Не только ослепляло солнце своим золотым блеском, но ослепляло и небо своею яркою лазурью, отчего черные тучи, надвигавшиеся с запада, казались еще чернее и края их вырезывались еще резче.
– К ночи будет сильная гроза, – проговорил пан гетман.
И проговорил это пан гетман с таким беспокойством, и при этом такой тяжелый вздох вырвался у него из груди, что сидевший напротив него на рундуке [16] за столом русобородый московский боярин спросил:
– Пан гетман, видно, боится грозы?
– Проявление силы Господней, а потому каждый христианин должен трепетать, – ответил пан гетман задумчиво.
– Господь милостив, авось помилует! – сказал московский русобородый боярин. – А тучи надвигаются большие!
– Да, большие, – подтвердил пан гетман, взглянув рассеянно на темную гряду облаков, которые быстро надвигались на яркую синеву неба.
Пан гетман каждое слово выговаривал как-то вяло, неохотно, часто проводил пальцами по лбу, словно чувствовал тут какую несносную боль; потускневшие глаза его обращались все куда-то вдаль, на всем его полном, откормленном лице, да и не только на лице, даже на всей массивной, ожиревшей фигуре лежал отпечаток какой-то внутренней тревоги и утомления, – утомления, явившегося, быть может, следствием вышепоименованной тревоги, невыносимой для изнежившегося пана.
Насколько пан гетман был вял, рассеян и озабочен, настолько же его собеседник и гость, русобородый московский боярин, был оживлен, юрок и беспечен.
Массивная, неповоротливая фигура пана гетмана казалась еще массивнее и неповоротливее в сравненьи с его плотной, но вертлявой и гибкой фигурой, полузакрытые глаза пана гетмана еще тусклее и безжизненнее в сравнении с его разбегающимися во все стороны, пытливыми, блестящими глазами.
Когда он снова повторил, вскинув беспечно своими блестящими глазами на двигавшиеся тучи и поглаживая белой рукой свою русую бородку: «Авось Господь помилует», – он как бы выразил этою фразой весь свой характер.
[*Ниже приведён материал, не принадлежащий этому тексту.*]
definition sym_trop_rank :: "(nat \<Rightarrow> nat \<Rightarrow> real) \<Rightarrow> nat \<Rightarrow> nat" where
  "sym_trop_rank A n = Max {r. \<exists>I J. I \<subseteq> {..<n} \<and> J \<subseteq> {..<n} \<and> card I = r \<and> card J = r \<and>
      \<not> sym_trop_singular A I J}"

text \<open>Indices 0..k-1, k, k+1..k+l; C is k x l (indices i<k, j<l).\<close>
definition block_matrix :: "nat \<Rightarrow> (nat \<Rightarrow> nat \<Rightarrow> real) \<Rightarrow> nat \<Rightarrow> nat \<Rightarrow> real" where
  "block_matrix k C i j =
     (if i < k \<and> k + 1 \<le> j then C i (j - (k + 1))
      else if k + 1 \<le> i \<and> j < k then C j (i - (k + 1))
      else 0)"

end

theory Submission
  imports Defs
begin

(* A lift of rank at most one has degrees of the form a x + b y, which makes every 2 x 2 minor
   symmetrically tropically singular; so a nonsingular 2 x 2 minor forces Kapranov rank at least two.

   Conversely, a 2 x 2 submatrix of C whose minimum is attained only once would, together with the
   zero row and column k, give a nonsingular 3 x 3 minor.  Without such submatrices, in the graph
   joining indices whose entry exceeds v every path of three edges between distinct ends can be
   shortcut by a single edge.  Since only entries between the sides {..k} and {k+1..} are positive,
   indices x, y on opposite sides are then never connected above A x y.  Labelling, for each entry
   value c, the components of the graph above c yields series f x with f x c = f y c for c < A x y
   but not for c = A x y.  Hence f x - f y has degree A x y across the sides, f x + f y has
   degree 0 within a side, and the matrix s x * f x + s y * f y with signs s = +-1 according to
   the side is a symmetric lift of rank two. *)

lemma is_hahn_if_finite_support:
  assumes "finite {a. f a \<noteq> 0}"
  shows "is_hahn f"
  unfolding is_hahn_def
proof (intro allI impI)
  fix B assume B: "B \<subseteq> {a. f a \<noteq> 0}" "B \<noteq> {}"
  then have "finite B" using assms finite_subset by blast
  then show "\<exists>m\<in>B. \<forall>b\<in>B. m \<le> b" using B(2) by (metis Min_in Min_le)
qed

lemma hdeg_eqI:
  assumes "f d \<noteq> 0" and "\<And>c. c < d \<Longrightarrow> f c = 0"
  shows "hdeg f = d"
  unfolding hdeg_def
proof (rule the_equality)
  show "f d \<noteq> 0 \<and> (\<forall>c. f c \<noteq> 0 \<longrightarrow> d \<le> c)" using assms by (meson not_le)
next
  fix d' assume "f d' \<noteq> 0 \<and> (\<forall>c. f c \<noteq> 0 \<longrightarrow> d' \<le> c)"
  then show "d' = d" using assms by (meson antisym not_le)
qed

lemma hdeg_least:
  assumes "is_hahn f" and "f \<noteq> hzero"
  shows "f (hdeg f) \<noteq> 0" and "f c \<noteq> 0 \<Longrightarrow> hdeg f \<le> c"
proof -
  have "{a. f a \<noteq> 0} \<noteq> {}" using assms(2) unfolding hzero_def by auto
  then have "\<exists>d\<in>{a. f a \<noteq> 0}. \<forall>c\<in>{a. f a \<noteq> 0}. d \<le> c"
    using assms(1) unfolding is_hahn_def by blast
  then obtain d where d: "f d \<noteq> 0" "\<And>c. f c \<noteq> 0 \<Longrightarrow> d \<le> c" by blast
  have "hdeg f = d" using d by (intro hdeg_eqI) (auto simp: not_less[symmetric])
  then show "f (hdeg f) \<noteq> 0" and "f c \<noteq> 0 \<Longrightarrow> hdeg f \<le> c" using d by auto
qed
Можно было наверное сказать, что в нем хватит и сметливости, и находчивости, и проницательности на десятерых, но что над всем этим преобладает беззаботное «авось», которое заправляет всем остальным.
Можно было поручиться, что в виду, например, переправы через пропасть по тонкой, пляшущей жердочке, он отлично поймет и сообразит все последствия подобной переправы, но, встряхнув кудрями, скажет: «Авось, переберусь!» и отправится.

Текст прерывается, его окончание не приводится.